An alternate solution is to check in #2417 for small binary chunks, and then hold 652 back until we decide if we want a LargeBinaryField for large binary chunks suitable for file uploads.
Whether you think RDMSSes are for binary data is mostly by the by.
IMO the patch for #2417 is sub-optimal as it:
1) Subclasses the Char field. 2) Does not provide an intelligent manipulator.
The solution to this problem is to provide a form upload field with the addition of a checkbox to signify deletion of the currently saved binary data. There is no sensible way to SHOW the current binary data - we can leave that up to the application designer.

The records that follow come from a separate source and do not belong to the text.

lemma stab1_conj_by:
  assumes "clifford U" and "X \<in> stab1"
  shows "conj_by U X \<in> stab1"
proof -
  from assms(2) obtain \<psi> S where X: "X = outer \<psi>" and S: "S \<subseteq> pauli_group" "mat 1 \<in> S"
    "\<forall>g\<in>S. \<forall>h\<in>S. g ** h \<in> S" "\<forall>g\<in>S. \<forall>h\<in>S. g ** h = h ** g" "card S = 2" "- mat 1 \<notin> S"
    "(\<Sum>i\<in>UNIV. cmod (\<psi> $ i) ^ 2) = 1" "{v. \<forall>g\<in>S. g *v v = v} = {c *s \<psi> | c. True}"
    unfolding stab1_def by blast
  have U: "unitary U"
    using clifford_unitary[OF assms(1)] .
  have "- mat 1 \<notin> conj_by U ` S"
  proof
    assume "- mat 1 \<in> conj_by U ` S"
    then obtain g where "g \<in> S" "conj_by U g = - mat 1" by auto
    then have "g = - mat 1"
      using conj_by_adj_conj_by[OF U, of g] by (simp add: conj_by_uminus unitary_adj[OF U])
    with \<open>g \<in> S\<close> S(6) show False by simp
  qed
  moreover have "conj_by U ` S \<subseteq> pauli_group"
    using S(1) clifford_conj_by_pauli_group[OF assms(1)] by blast
  moreover have "mat 1 \<in> conj_by U ` S"
    using S(2) conj_by_mat1[OF U] by (metis image_eqI)
  moreover have "\<forall>g\<in>conj_by U ` S. \<forall>h\<in>conj_by U ` S. g ** h \<in> conj_by U ` S"
    using S(3) by (auto simp: conj_by_mult[OF U, symmetric])
  moreover have "\<forall>g\<in>conj_by U ` S. \<forall>h\<in>conj_by U ` S. g ** h = h ** g"
    using S(4) by (auto simp: conj_by_mult[OF U, symmetric])
  moreover have "card (conj_by U ` S) = 2"
    using S(5) inj_conj_by[OF U] by (simp add: card_image inj_on_subset)
  moreover have "(\<Sum>i\<in>UNIV. cmod ((U *v \<psi>) $ i) ^ 2) = 1"
    using S(7) unitary_sum_cmod_sq[OF U] by simp
  moreover have "{v. \<forall>g\<in>conj_by U ` S. g *v v = v} = {c *s (U *v \<psi>) | c. True}"
    unfolding fixed_vectors_conj_by[OF U] S(8) by (rule image_scalar_multiples)
  ultimately show ?thesis
    unfolding stab1_def X conj_by_outer by blast
qed

lemma clifford_conj_by_stab1: "clifford U \<Longrightarrow> conj_by U ` stab1 = stab1"
  by (rule clifford_conj_by_image_eq[OF stab1_conj_by])

lemma mtrace_stab1: "X \<in> stab1 \<Longrightarrow> mtrace X = 1"
  unfolding stab1_def by (auto simp: mtrace_outer)

lemma mtrace_convex_hull_stab1:
  assumes "\<sigma> \<in> convex hull stab1"
  shows "mtrace \<sigma> = 1"
proof -
  have "convex {X::qmat. mtrace X = 1}"
    by (rule convexI) (simp add: mtrace_add mtrace_scaleR flip: scaleR_add_left)
  then have "convex hull stab1 \<subseteq> {X. mtrace X = 1}"
    by (rule hull_minimal[rotated]) (auto simp: mtrace_stab1)
  then show ?thesis
    using assms by auto
qed

lemma clifford_conj_by_convex_hull_stab1: "clifford U \<Longrightarrow> conj_by U ` (convex hull stab1) = convex hull stab1"
  by (simp add: convex_hull_linear_image[OF linear_conj_by] clifford_conj_by_stab1)

definition signed_paulis :: "qmat set" where
  "signed_paulis = {pX, - pX, pY, - pY, pZ, - pZ}"

lemma i_power_cases: "(\<i>::complex) ^ k \<in> {1, \<i>, -1, - \<i>}"
proof -
  have "(\<i>::complex) ^ k = \<i> ^ (k mod 4) * (\<i> ^ 4) ^ (k div 4)"
    by (metis mod_mult_div_eq power_add power_mult)
  then have "(\<i>::complex) ^ k = \<i> ^ (k mod 4)"
    by simp
  moreover have "k mod 4 \<in> {0, 1, 2, 3}" by auto
  ultimately show ?thesis
    by (auto simp: power2_eq_square power3_eq_cube)
qed

lemma phase_mk2: "(\<chi> i j. z * mk2 a b c d $ i $ j) = mk2 (z * a) (z * b) (z * c) (z * d)"
  by (simp add: qmat_eq_iff)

I think a BinaryField could even help getting less data saved into the database, as some binary data fits well into the database, but must be saved as ASCII now (converted or by using a different format).

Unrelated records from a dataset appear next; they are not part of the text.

lemma VAn_eq_0_if_stuck:
  assumes stuck: "\<not> (1 - \<pi> b \<le> b \<and> b \<le> \<pi> b)" and "rA \<beta> C b (\<pi> b) = 0"
  shows "VAn \<beta> C \<delta> \<pi> n b = 0"
proof (induction n)
  case (Suc n)
  have "VAn \<beta> C \<delta> \<pi> (Suc n) b = rA \<beta> C b (\<pi> b) + \<delta> * VAn \<beta> C \<delta> \<pi> n b"
    by (simp only: VAn.simps Let_def if_not_P[OF stuck])
  with Suc.IH assms(2) show ?case by simp
qed simp

lemma VA_eq_0_if_stuck:
  assumes "\<not> (1 - \<pi> b \<le> b \<and> b \<le> \<pi> b)" and "rA \<beta> C b (\<pi> b) = 0"
  shows "VA \<beta> C \<delta> \<pi> b = 0"
proof -
  have "VAn \<beta> C \<delta> \<pi> n b = 0" for n
    using assms by (rule VAn_eq_0_if_stuck)
  then show ?thesis unfolding VA_def by (simp add: limI)
qed

locale altruistic_model =
  fixes \<beta> :: "real \<Rightarrow> real" and C \<delta> :: real
  assumes cost_nonneg: "\<forall>q\<in>{1/2..1}. 0 \<le> \<beta> q"
    and cost_mono: "mono_on {1/2..1} \<beta>"
    and C_nonneg: "0 \<le> C"
    and discount_nonneg: "0 \<le> \<delta>" and discount_less_1: "\<delta> < 1"
begin

lemma rA_nonpos:
  assumes "b \<in> {0..1}" "q \<in> {1/2..1}"
  shows "rA \<beta> C b q \<le> 0"
proof -
  have "0 \<le> \<beta> q" using cost_nonneg assms by blast
  moreover have "0 \<le> C * min b (min (1 - b) (1 - q))"
    using assms C_nonneg by simp
  ultimately show ?thesis unfolding rA_def by linarith
qed

lemma rA_lower_bound:
  assumes "b \<in> {0..1}" "q \<in> {1/2..1}"
  shows "- (\<beta> 1 + C) \<le> rA \<beta> C b q"
proof -
  have "\<beta> q \<le> \<beta> 1" using cost_mono assms by (auto intro: mono_onD)
  moreover have "C * min b (min (1 - b) (1 - q)) \<le> C * 1"
    using assms C_nonneg by (intro mult_left_mono) auto
  ultimately show ?thesis unfolding rA_def by linarith
qed

lemma bellman_op_nonpos:
  assumes "policy \<pi>" "b \<in> {0..1}" and "\<forall>x\<in>{0..1}. V x \<le> 0"
  shows "bellman_op \<beta> C \<delta> \<pi> V b \<le> 0"
proof -
  have "expect_next V b (\<pi> b) \<le> expect_next (\<lambda>_. 0) b (\<pi> b)"
    using assms policy_in_unit by (intro expect_next_mono) auto
  moreover have "rA \<beta> C b (\<pi> b) \<le> 0"
    using assms by (auto simp: policy_def intro!: rA_nonpos)
  ultimately show ?thesis
    unfolding bellman_op_def expect_next_const
    using discount_nonneg by (simp add: add_nonpos_nonpos mult_nonneg_nonpos)
qed

lemma bellman_op_abs_le:
  assumes "policy \<pi>" "b \<in> {0..1}" and "\<forall>x\<in>{0..1}. \<bar>V x\<bar> \<le> K"
  shows "\<bar>bellman_op \<beta> C \<delta> \<pi> V b\<bar> \<le> \<beta> 1 + C + \<delta> * K"
proof -
  have "\<bar>bellman_op \<beta> C \<delta> \<pi> V b - bellman_op \<beta> C \<delta> \<pi> (\<lambda>_. 0) b\<bar> \<le> \<delta> * K"
    using assms discount_nonneg policy_in_unit by (intro bellman_op_dist) auto
  moreover have "\<bar>bellman_op \<beta> C \<delta> \<pi> (\<lambda>_. 0) b\<bar> \<le> \<beta> 1 + C"
  proof -
    have "\<pi> b \<in> {1/2..1}" using assms unfolding policy_def by blast
    then show ?thesis
      using assms rA_nonpos[of b "\<pi> b"] rA_lower_bound[of b "\<pi> b"]
      by (simp add: bellman_op_def expect_next_const)
  qed
  ultimately show ?thesis by linarith
qed

lemma VAn_Suc_diff_le:
  assumes "policy \<pi>"
  shows "\<forall>b\<in>{0..1}. \<bar>VAn \<beta> C \<delta> \<pi> (Suc n) b - VAn \<beta> C \<delta> \<pi> n b\<bar> \<le> \<delta> ^ n * (\<beta> 1 + C)"
proof (induction n)
  case 0
  show ?case
    using bellman_op_abs_le[OF assms, of _ "\<lambda>_. 0" 0] by (simp add: VAn_Suc VAn_0)
next
  case (Suc n)
  show ?case
  proof
    fix b :: real assume "b \<in> {0..1}"
    then have "\<bar>bellman_op \<beta> C \<delta> \<pi> (VAn \<beta> C \<delta> \<pi> (Suc n)) b
        - bellman_op \<beta> C \<delta> \<pi> (VAn \<beta> C \<delta> \<pi> n) b\<bar> \<le> \<delta> * (\<delta> ^ n * (\<beta> 1 + C))"
      using discount_nonneg policy_in_unit[OF assms] Suc by (intro bellman_op_dist) auto
    then show "\<bar>VAn \<beta> C \<delta> \<pi> (Suc (Suc n)) b - VAn \<beta> C \<delta> \<pi> (Suc n) b\<bar>
        \<le> \<delta> ^ Suc n * (\<beta> 1 + C)"
      by (simp only: VAn_Suc[of _ _ _ _ "Suc n"] VAn_Suc[of _ _ _ _ n] power_Suc mult.assoc)
  qed
qed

For example the full-history-branch uses pickle (cPickle) to serialize the data of an object. pickle known multiple methods to store the data. By default is creates a ASCII-dump, but you can change this behavior. From the docs (http://docs.python.org/lib/node316.html): "By default, the pickle data format uses a printable ASCII representation. This is slightly _more voluminous_ than a binary representation." Besides the other methods provide some optimization: "Protocol version 2 was introduced in Python 2.3. It provides much _more efficient_ pickling of new-style classes."
On 26 mar, 07:14, "Noah Slater" <nsla...@gmail.com> wrote:
> Saving binary data as printable ASCII seems extremely hack^H^H^H > suboptimal to me.
You can have a TextField and save data as base64 or save data as binary. In postgres binary data is not saved inside database, a link is saved only, and I'm not sure if these kind of data could be replicated through slony-1 or similar.
> To make a case for binary data - how about when you want to store a > small image for a UserProfile.
> Saving to the local file-system doesn't work when you are clustering > your application servers.
On 26 mar, 10:04, "Noah Slater" <nsla...@gmail.com> wrote:
> > it depends the FS you're using.
> To get round this problem I am using NFS. Do you have any other > suggestions?
hum, you could do some test using GFS
> Either way, I still think it would be nice to be able to store binary > blobs directly via models.
I'm agree with you. However, Django must be database independent, so sqlite, MySQL and others are able to hand binary data? One solution is write a Field to convert everything _to _base64 on write and convert everything _from_ base64 on read. That's way isn't necessary what db are you using.
> So - if we do want a BinaryField we could use #2417 and make it > suitable for larger binary stores (e.g. the VARBINARY used for MySQL > has a max length of 255 bytes - perfect for the small bin. chunks > wanted in #2417, but not for larger data), and then hook it up to > Image/FileFields for #652.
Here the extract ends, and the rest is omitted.